BACKGROUND: Standard treatment for glioblastoma is radiation with concomitant and adjuvant temozolomide for 6 cycles, although the optimal number of cycles of adjuvant temozolomide has long been a subject of debate. We performed a phase II randomized trial investigating whether extending adjuvant temozolomide for more than 6 cycles improved outcome. METHODS: Glioblastoma patients treated at 20 Spanish hospitals who had not progressed after 6 cycles of adjuvant temozolomide were centrally randomized to stop (control arm) or continue (experimental arm) temozolomide up to a total of 12 cycles at the same doses they were receiving in cycle 6. Patients were stratified by MGMT methylation and measurable disease. The primary endpoint was differences in 6-month progression-free survival (PFS). Secondary endpoints were PFS, overall survival (OS), and safety (Clinicaltrials.gov NCT02209948). RESULTS: From August 2014 to November 2018, 166 patients were screened, 7 of whom were ineligible. Seventy-nine patients were included in the stop arm and 80 in the experimental arm. All patients were included in the analyses of outcomes and of safety. There were no differences in 6-month PFS (control 55.7%; experimental 61.3%), PFS, or OS between arms. MGMT methylation and absence of measurable disease were independent factors of better outcome.

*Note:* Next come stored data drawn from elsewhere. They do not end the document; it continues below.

theorem lemma2p7:
  fixes D :: nat
  assumes "D \<ge> 2"
  shows "\<exists>n0. \<forall>n \<ge> n0. \<forall>(t::nat) (\<B>::vtx set multiset) sb k u.
     1 \<le> t \<and> t \<le> n \<and> size \<B> = t \<and>
     validPartition n D sb \<and> wellBehaved n D sb \<B> \<and>
     1 \<le> k \<and> k \<le> numBlocks n D \<and>
     u \<in> block n D k \<and> u \<notin> \<Union>(set_mset \<B>) \<longrightarrow>
     measure_pmf.prob (blockModel n D) {\<Gamma>. \<exists>B \<in># \<B>. u \<in> commonNbr n D \<Gamma> B}
       \<ge> min (1/4) (real t * real n powr (real D powr (1 - real k) - 1)
                     * (ln (real n))^2 * (ln (ln (real n)))^D)"
proof -
  have "\<forall>\<^sub>F n in sequentially. 3 \<le> n \<and> 2 * real D \<le> ln (ln (real n))"
    by (intro eventually_conj eventually_ge_at_top) real_asymp
  then obtain n0 where n0: "\<And>n. n0 \<le> n \<Longrightarrow> 3 \<le> n \<and> 2 * real D \<le> ln (ln (real n))"
    by (auto simp: eventually_sequentially)
  show ?thesis
  proof (intro exI[of _ n0] allI impI, elim conjE)
    fix n t \<B> sb k u
    assume "n0 \<le> n" and t: "size \<B> = t" and wb: "wellBehaved n D sb \<B>"
      and u: "u \<in> block n D k" "u \<notin> \<Union>(set_mset \<B>)"
    define E where "E = {\<Gamma>. \<exists>B \<in># \<B>. u \<in> commonNbr n D \<Gamma> B}"
    define l where "l = ln (ln (real n))"
    define y where
      "y = real n powr (- 1 / real D + real D powr - real k) * ln (real n) powr (2 / real D) * l ^ 3"
    have "3 \<le> n" and "2 * real D \<le> l"
      using n0[OF \<open>n0 \<le> n\<close>] by (simp_all add: l_def)
    then have "0 < l" "0 < y" and "2 * real D \<le> l ^ (2 * D)"
      using \<open>D \<ge> 2\<close> by (auto simp: y_def intro!: order_trans[OF _ self_le_power])
    have "edgeP n D k i = min (y * real n powr (real D powr - real i)) 1" for i
      by (simp add: edgeP_def y_def l_def powr_add ac_simps)
    then have "t * y ^ D / (t * y ^ D + D) \<le> measure_pmf.prob (blockModel n D) E"
      using prob_common_nbr_ge[OF \<open>3 \<le> n\<close> _ \<open>0 < y\<close> _ u wb] \<open>D \<ge> 2\<close> t by (simp add: E_def)
    moreover have "t * y ^ D / l ^ (2 * D)
        = real t * real n powr (real D powr (1 - real k) - 1) * (ln (real n))\<^sup>2 * l ^ D"
      using edge_scale_pow[of n D k l] \<open>3 \<le> n\<close> \<open>D \<ge> 2\<close> \<open>0 < l\<close>
      by (simp add: y_def power_add[symmetric] field_simps)
    ultimately show "min (1/4) (real t * real n powr (real D powr (1 - real k) - 1) * (ln (real n))^2 * l ^ D)
        \<le> measure_pmf.prob (blockModel n D) E"
      using min_quarter_le_div_add[of "t * y ^ D" D "l ^ (2 * D)"] \<open>0 < y\<close> \<open>2 * real D \<le> l ^ (2 * D)\<close> \<open>D \<ge> 2\<close>
      by simp
  qed
qed

end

Patients in the experimental arm had more lymphopenia (P < 0.001), thrombocytopenia (P < 0.001), and nausea and vomiting (P = 0.001). CONCLUSIONS: Continuing temozolomide after 6 adjuvant cycles is associated with greater toxicity but confers no additional benefit in 6-month PFS. KEY POINTS: 1. Extending adjuvant temozolomide to 12 cycles did not improve 6-month PFS.2. Extending adjuvant temozolomide did not improve PFS or OS in any patient subset.3. Extending adjuvant temozolomide was linked to increased toxicities.